In this article, we explore some easy calculations that you can do to aid you in comparing the values of leasehold properties.
If you are deciding between buying 2 leasehold properties in a similar location, calculate the
Implied comparable PSF of the older property = Asking PSF of the older property x Remaining years on the lease of the newer property / Remaining years on the lease of the older property
and compare it with the current market value PSF of the newer property. You can use the current asking PSF or the last transacted PSF of the most comparable unit in the newer development as a proxy.
Let’s use Lutheran Towers and The Siena which are both leasehold condominiums at Tan Kim Cheng road as an example.
Lutheran Towers has a 103 lease from 1974 and The Siena has a 99 year lease from 2013.
The lowest asking price of a 1950 sqft flat in Lutheran Towers is S$1.8m or S$923 psf. The Implied comparable PSF is S$923 x 94/59 = S$1,471 compared to the last transacted PSF of S$2,174 for The Siena.
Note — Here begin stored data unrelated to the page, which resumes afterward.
text \<open>Write \<open>M = (1 - a\<theta>)S\<close>. Modulo \<open>M\<close> one has \<open>y\<theta>\<^sup>d \<equiv> a\<alpha>(y)\<theta>\<^sup>d\<^sup>+\<^sup>1\<close>, so every \<open>f\<close> of
  degree at most \<open>d\<close> is congruent to a single term \<open>c\<theta>\<^sup>d\<close>, and \<open>f \<in> M\<close> iff \<open>c = 0\<close> for large \<open>d\<close>.
  Call an ideal \<open>I\<close> of \<open>R\<close> saturated if \<open>a\<alpha>(y) \<in> I\<close> implies \<open>y \<in> I\<close>. Then \<open>I \<subseteq> \<alpha>(I)\<close>, so by the
  Noetherian property \<open>I\<close> is \<open>\<alpha>\<close>-stable; if \<open>I \<noteq> 0\<close> it contains some \<open>N\<^sub>n(a) = a\<alpha>(N\<^sub>n\<^sub>-\<^sub>1(a))\<close> and
  hence \<open>1\<close>. Applied to the annihilator of all \<open>N\<^sub>m(a)\<alpha>\<^sup>m\<close>, this shows that \<open>a\<close> is regular.

  If \<open>J \<supset> M\<close> is a right ideal, the ideals \<open>{y. y\<theta>\<^sup>d \<in> J}\<close> increase with \<open>d\<close> and stabilise at a
  saturated nonzero ideal, which therefore contains \<open>1\<close>; pulling \<open>\<theta>\<^sup>d\<close> back gives \<open>1 \<in> J\<close>.
  For faithfulness, a nonzero \<open>s\<close> of least degree \<open>e\<close> in the annihilator of \<open>S/M\<close> commutes with
  \<open>R\<close> up to \<open>\<alpha>\<^sup>e\<close>, so its coefficients satisfy \<open>s\<^sub>i(\<alpha>\<^sup>e(r) - \<alpha>\<^sup>i(r)) = 0\<close>; as \<open>s \<in> M\<close>, some
  \<open>s\<^sub>i\<close> with \<open>i < e\<close> is nonzero, and the saturated annihilator of the \<open>\<alpha>\<^sup>e(r) - \<alpha>\<^sup>i(r)\<close> then
  forces \<open>\<alpha>\<^sup>e\<^sup>-\<^sup>i = id\<close>.\<close>

section \<open>Arithmetic in the skew polynomial ring\<close>

lemma sum_diagonal_restrict:
  fixes c :: "nat \<Rightarrow> nat \<Rightarrow> 'a::comm_monoid_add"
  assumes "\<And>i j. i > m \<Longrightarrow> c i j = 0" and "\<And>i j. j > k \<Longrightarrow> c i j = 0"
  shows "(\<Sum>i\<le>m. \<Sum>j\<le>k. if i + j = n then c i j else 0) = (\<Sum>i\<le>n. c i (n - i))"
proof -
  have inner: "(\<Sum>j\<le>k. if i + j = n then c i j else 0) = (if i \<le> n then c i (n - i) else 0)" for i
  proof (cases "i \<le> n \<and> n - i \<le> k")
    case True
    then have "(\<Sum>j\<le>k. if i + j = n then c i j else 0) = (\<Sum>j\<le>k. if j = n - i then c i (n - i) else 0)"
      by (intro sum.cong) auto
    then show ?thesis using True by simp
  next
    case False
    then show ?thesis using assms(2)[of "n - i" i] by (auto intro!: sum.neutral)
  qed
  have "(\<Sum>i\<le>m. if i \<le> n then c i (n - i) else 0) = (\<Sum>i\<le>max m n. if i \<le> n then c i (n - i) else 0)"
    by (rule sum.mono_neutral_left) (auto simp: assms(1))
  also have "\<dots> = (\<Sum>i\<le>n. c i (n - i))"
    by (rule sum.mono_neutral_cong_right) auto
  finally show ?thesis by (simp add: inner)
qed

locale skew_poly_ring =
  fixes \<alpha> :: "'a::comm_ring_1 \<Rightarrow> 'a"
  assumes automorphism: "ring_automorphism \<alpha>"
begin

lemma alpha_add [simp]: "\<alpha> (x + y) = \<alpha> x + \<alpha> y"
  and alpha_mult [simp]: "\<alpha> (x * y) = \<alpha> x * \<alpha> y"
  and alpha_1 [simp]: "\<alpha> 1 = 1"
  and bij_alpha: "bij \<alpha>"
  using automorphism unfolding ring_automorphism_def by blast+

lemma alpha_0 [simp]: "\<alpha> 0 = 0"
  using alpha_add[of 0 0] by simp

lemma alpha_minus [simp]: "\<alpha> (- x) = - \<alpha> x"
  using alpha_add[of x "- x"] by (metis add.right_inverse alpha_0 neg_eq_iff_add_eq_0)

lemma alpha_diff [simp]: "\<alpha> (x - y) = \<alpha> x - \<alpha> y"
  using alpha_add[of x "- y"] by simp

lemma alpha_pow_add [simp]: "(\<alpha> ^^ n) (x + y) = (\<alpha> ^^ n) x + (\<alpha> ^^ n) y"
  and alpha_pow_mult [simp]: "(\<alpha> ^^ n) (x * y) = (\<alpha> ^^ n) x * (\<alpha> ^^ n) y"
  and alpha_pow_1 [simp]: "(\<alpha> ^^ n) 1 = 1"
  and alpha_pow_0 [simp]: "(\<alpha> ^^ n) 0 = 0"
  and alpha_pow_minus [simp]: "(\<alpha> ^^ n) (- x) = - (\<alpha> ^^ n) x"
  and alpha_pow_diff [simp]: "(\<alpha> ^^ n) (x - y) = (\<alpha> ^^ n) x - (\<alpha> ^^ n) y"
  by (induct n) simp_all

lemma alpha_pow_alpha_pow [simp]: "(\<alpha> ^^ m) ((\<alpha> ^^ n) x) = (\<alpha> ^^ (m + n)) x"
  by (simp add: funpow_add)

lemma alpha_pow_sum: "(\<alpha> ^^ n) (\<Sum>i\<in>A. f i) = (\<Sum>i\<in>A. (\<alpha> ^^ n) (f i))"
  by (induct A rule: infinite_finite_induct) simp_all

lemma bij_alpha_pow: "bij (\<alpha> ^^ n)"
  using bij_alpha by (rule bij_betw_funpow)

lemma alpha_pow_eq_iff [simp]: "(\<alpha> ^^ n) x = (\<alpha> ^^ n) y \<longleftrightarrow> x = y"
  using bij_alpha_pow bij_is_inj inj_eq by metis

lemma alpha_pow_surj: obtains y where "x = (\<alpha> ^^ n) y"
  using bij_alpha_pow by (metis bij_pointE)

lemma normN_0 [simp]: "normN \<alpha> 0 b = 1"
  and normN_Suc: "normN \<alpha> (Suc n) b = normN \<alpha> n b * (\<alpha> ^^ n) b"
  and normN_Suc_0 [simp]: "normN \<alpha> (Suc 0) b = b"
  by (simp_all add: normN_def)

lemma normN_add: "normN \<alpha> (m + n) b = normN \<alpha> m b * (\<alpha> ^^ m) (normN \<alpha> n b)"
  by (induct n) (simp_all add: normN_Suc mult.assoc)

lemma normN_Suc': "normN \<alpha> (Suc n) b = b * \<alpha> (normN \<alpha> n b)"
  using normN_add[of 1 n b] by simp

lemma r_ideal_image:
  assumes "r_ideal I"
  shows "r_ideal ((\<alpha> ^^ n) ` I)"
  unfolding r_ideal_def
proof (intro conjI ballI allI)
  show "0 \<in> (\<alpha> ^^ n) ` I"
    using assms alpha_pow_0 unfolding r_ideal_def by (metis image_eqI)
next
  fix x y assume "x \<in> (\<alpha> ^^ n) ` I" "y \<in> (\<alpha> ^^ n) ` I"
  then obtain u v where "u \<in> I" "v \<in> I" "x = (\<alpha> ^^ n) u" "y = (\<alpha> ^^ n) v" by auto
  then show "x + y \<in> (\<alpha> ^^ n) ` I"
    using assms unfolding r_ideal_def by (metis alpha_pow_add image_eqI)
next
  fix x assume "x \<in> (\<alpha> ^^ n) ` I"
  then obtain u where "u \<in> I" "x = (\<alpha> ^^ n) u" by auto
  then show "- x \<in> (\<alpha> ^^ n) ` I"
    using assms unfolding r_ideal_def by (metis alpha_pow_minus image_eqI)
next
  fix r x assume "x \<in> (\<alpha> ^^ n) ` I"
  then obtain u where "u \<in> I" "x = (\<alpha> ^^ n) u" by auto
  moreover obtain s where "r = (\<alpha> ^^ n) s" by (rule alpha_pow_surj)
  ultimately show "r * x \<in> (\<alpha> ^^ n) ` I"
    using assms unfolding r_ideal_def by (metis alpha_pow_mult image_eqI)
qed

text \<open>The chain \<open>I \<subseteq> \<alpha>(I) \<subseteq> \<alpha>\<^sup>2(I) \<subseteq> \<dots>\<close> stabilises, and \<open>\<alpha>\<close> is injective.\<close>
lemma alpha_stable_if_subset_image:
  assumes "noetherian_ring TYPE('a)" and I: "r_ideal I" and sub: "I \<subseteq> \<alpha> ` I"
  shows "alpha_stable \<alpha> I"
proof -
  define C where "C n = (\<alpha> ^^ n) ` I" for n
  have "r_ideal (C n)" for n
    unfolding C_def using I by (rule r_ideal_image)
  moreover have C_Suc: "C (Suc n) = (\<alpha> ^^ n) ` (\<alpha> ` I)" for n
    unfolding C_def by (simp only: funpow_Suc_right image_comp)
  then have "C n \<subseteq> C (Suc n)" for n
    using sub unfolding C_def by (simp add: image_mono)
  ultimately obtain N where "\<forall>n\<ge>N. C n = C N"
    using assms(1) unfolding noetherian_ring_def by blast
  then have "(\<alpha> ^^ N) ` (\<alpha> ` I) = (\<alpha> ^^ N) ` I"
    using C_Suc[of N] unfolding C_def by (metis le_SucI order_refl)
  then show ?thesis
    unfolding alpha_stable_def using bij_alpha_pow[of N] by (simp add: bij_is_inj inj_image_eq_iff)
qed

lemma coeff_skew_mult:
  "coeff (skew_mult \<alpha> p q) n = (\<Sum>i\<le>n. coeff p i * (\<alpha> ^^ i) (coeff q (n - i)))"
  unfolding skew_mult_def coeff_sum coeff_monom
  by (rule sum_diagonal_restrict) (auto simp: coeff_eq_0)

lemma skew_mult_add_left: "skew_mult \<alpha> (p + q) r = skew_mult \<alpha> p r + skew_mult \<alpha> q r"
  and skew_mult_add_right: "skew_mult \<alpha> r (p + q) = skew_mult \<alpha> r p + skew_mult \<alpha> r q"
  and skew_mult_minus_right: "skew_mult \<alpha> r (- p) = - skew_mult \<alpha> r p"
  and skew_mult_diff_right: "skew_mult \<alpha> r (p - q) = skew_mult \<alpha> r p - skew_mult \<alpha> r q"
  and skew_mult_0_right: "skew_mult \<alpha> r 0 = 0"
  by (rule poly_eqI; simp add: coeff_skew_mult algebra_simps sum.distrib sum_negf sum_subtractf)+

lemma coeff_skew_mult_monom_left:
  "coeff (skew_mult \<alpha> (monom c d) r) n = (if d \<le> n then c * (\<alpha> ^^ d) (coeff r (n - d)) else 0)"
proof -
  have "coeff (skew_mult \<alpha> (monom c d) r) n = (\<Sum>i\<le>n. if i = d then c * (\<alpha> ^^ d) (coeff r (n - d)) else 0)"
    unfolding coeff_skew_mult by (intro sum.cong refl) (auto simp: coeff_monom)
  then show ?thesis by simp
qed

lemma coeff_skew_mult_const_right: "coeff (skew_mult \<alpha> r (monom c 0)) n = coeff r n * (\<alpha> ^^ n) c"
proof -
  have "coeff (skew_mult \<alpha> r (monom c 0)) n = (\<Sum>i\<le>n. if i = n then coeff r n * (\<alpha> ^^ n) c else 0)"
    unfolding coeff_skew_mult by (intro sum.cong refl) (auto simp: coeff_monom)
  then show ?thesis by simp
qed

lemma skew_mult_1_left [simp]: "skew_mult \<alpha> 1 r = r"
  by (rule poly_eqI) (simp add: coeff_skew_mult_monom_left flip: monom_eq_1)

lemma skew_mult_monom_monom: "skew_mult \<alpha> (monom x i) (monom y j) = monom (x * (\<alpha> ^^ i) y) (i + j)"
  by (rule poly_eqI) (auto simp: coeff_skew_mult_monom_left coeff_monom)

lemma skew_mult_assoc: "skew_mult \<alpha> (skew_mult \<alpha> p q) r = skew_mult \<alpha> p (skew_mult \<alpha> q r)"
proof (rule poly_eqI)
  fix n
  define H where "H i j = coeff p i * (\<alpha> ^^ i) (coeff q j) * (\<alpha> ^^ (i + j)) (coeff r (n - (i + j)))" for i j
  have "coeff (skew_mult \<alpha> (skew_mult \<alpha> p q) r) n = (\<Sum>k\<le>n. \<Sum>i\<le>k. H i (k - i))"
    unfolding coeff_skew_mult sum_distrib_right by (intro sum.cong refl) (simp add: H_def)
  also have "\<dots> = (\<Sum>(i, j)\<in>{(i, j). i + j \<le> n}. H i j)"
    by (rule sum.triangle_reindex_eq[symmetric])
  also have "{(i, j). i + j \<le> n} = Sigma {..n} (\<lambda>i. {..n - i})"
    by auto
  also have "(\<Sum>(i, j)\<in>Sigma {..n} (\<lambda>i. {..n - i}). H i j) = (\<Sum>i\<le>n. \<Sum>j\<le>n - i. H i j)"
    by (rule sum.Sigma[symmetric]) auto
  also have "\<dots> = coeff (skew_mult \<alpha> p (skew_mult \<alpha> q r)) n"
    unfolding coeff_skew_mult alpha_pow_sum sum_distrib_left
    by (intro sum.cong refl) (simp add: H_def mult.assoc diff_diff_add)
  finally show "coeff (skew_mult \<alpha> (skew_mult \<alpha> p q) r) n = coeff (skew_mult \<alpha> p (skew_mult \<alpha> q r)) n" .
qed

end

section \<open>Right ideals and quotient modules\<close>

lemma right_ideal_diff:
  assumes "right_ideal \<alpha> J" "x \<in> J" "y \<in> J"
  shows "x - y \<in> J"
  using assms unfolding right_ideal_def diff_conv_add_uminus by blast

lemma right_ideal_diff_imp_mem_iff:
  assumes J: "right_ideal \<alpha> J" and d: "x - y \<in> J"
  shows "x \<in> J \<longleftrightarrow> y \<in> J"
proof
  assume "x \<in> J"
  then show "y \<in> J" using right_ideal_diff[OF J \<open>x \<in> J\<close> d] by simp
next
  assume "y \<in> J"
  then have "(x - y) + y \<in> J" using J d unfolding right_ideal_def by blast
  then show "x \<in> J" by simp
qed

lemma coset_eq_iff:
  assumes J: "right_ideal \<alpha> J"
  shows "coset J x = J \<longleftrightarrow> x \<in> J"
proof
  assume "coset J x = J"
  moreover have "x \<in> coset J x"
    using J unfolding coset_def right_ideal_def by (metis add_0_right image_eqI)
  ultimately show "x \<in> J" by simp
next
  assume x: "x \<in> J"
  show "coset J x = J"
  proof
    show "coset J x \<subseteq> J"
      using J x unfolding coset_def right_ideal_def by blast
    show "J \<subseteq> coset J x"
    proof
      fix m assume "m \<in> J"
      then have "m - x \<in> J" using right_ideal_diff[OF J _ x] by blast
      then show "m \<in> coset J x" unfolding coset_def by (auto intro: image_eqI[of _ _ "m - x"])
    qed
  qed
qed

lemma quot_add_coset:
  assumes J: "right_ideal \<alpha> J"
  shows "quot_add (coset J x) (coset J y) = coset J (x + y)"
proof
  show "quot_add (coset J x) (coset J y) \<subseteq> coset J (x + y)"
  proof
    fix z assume "z \<in> quot_add (coset J x) (coset J y)"
    then obtain m n where "m \<in> J" "n \<in> J" "z = (x + m) + (y + n)"
      unfolding quot_add_def coset_def by blast
    moreover from this have "m + n \<in> J" using J unfolding right_ideal_def by blast
    ultimately show "z \<in> coset J (x + y)"
      unfolding coset_def by (auto simp: algebra_simps intro!: image_eqI[of _ _ "m + n"])
  qed
  show "coset J (x + y) \<subseteq> quot_add (coset J x) (coset J y)"
  proof
    fix z assume "z \<in> coset J (x + y)"
    then obtain m where "m \<in> J" "z = (x + m) + (y + 0)" unfolding coset_def by auto
    moreover have "0 \<in> J" using J unfolding right_ideal_def by blast
    ultimately show "z \<in> quot_add (coset J x) (coset J y)"
      unfolding quot_add_def coset_def by blast
  qed
qed

lemma quot_neg_coset:
  assumes J: "right_ideal \<alpha> J"
  shows "quot_neg (coset J x) = coset J (- x)"
proof -
  have "uminus ` J = J"
    using J unfolding right_ideal_def by (auto intro: image_eqI[of _ _ "- _"])
  then have "(\<lambda>m. - (x + m)) ` J = (\<lambda>m. - x + m) ` J"
    by (metis (no_types, lifting) image_cong image_image minus_add_distrib)
  then show ?thesis
    unfolding quot_neg_def coset_def by (simp add: image_image)
qed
There are a few ways to interpret these figures. If you feel that the quality and the facilities of the Siena justify the 33% premium, then The Siena might be a better buy for you. However, if the Implied comparable PSF of Lutheran Towers is higher or just slightly lower than the current market value PSF of The Siena, then it may imply that the asking price of Lutheran Towers is too high as it is a much older development with hardly any facilities. In this case, you may want to negotiate the pricing with the seller. If you feel that S$1,471 PSF will not allow you to buy any properties near Tan Kim Cheng road, you may feel that Lutheran Towers still offers good value for the location although it only has about 59 years left on the lease.
If you are deciding between renting or buying the same leasehold property, compare the
Total mortgage instalments over the loan instalment period vs. the Total monthly market rate rental until your expected death
Clearly, people buy their own properties for their own reasons which may be due to family, sense of home, not wanting to rent from others or other reasons. However, from a pure financial standpoint, the monthly mortgage instalments might be much higher than the monthly rentals, especially for private properties.
By paying off a 99-year leasehold property in 25-30 years, you are essentially prepaying the remaining lease period of 60-70 years for your descendants during your lifetime. If you do not care about leaving an inheritance for your descendants, renting might reduce your financial burden by removing the need for the high upfront deposit and reducing your monthly property-related outflows.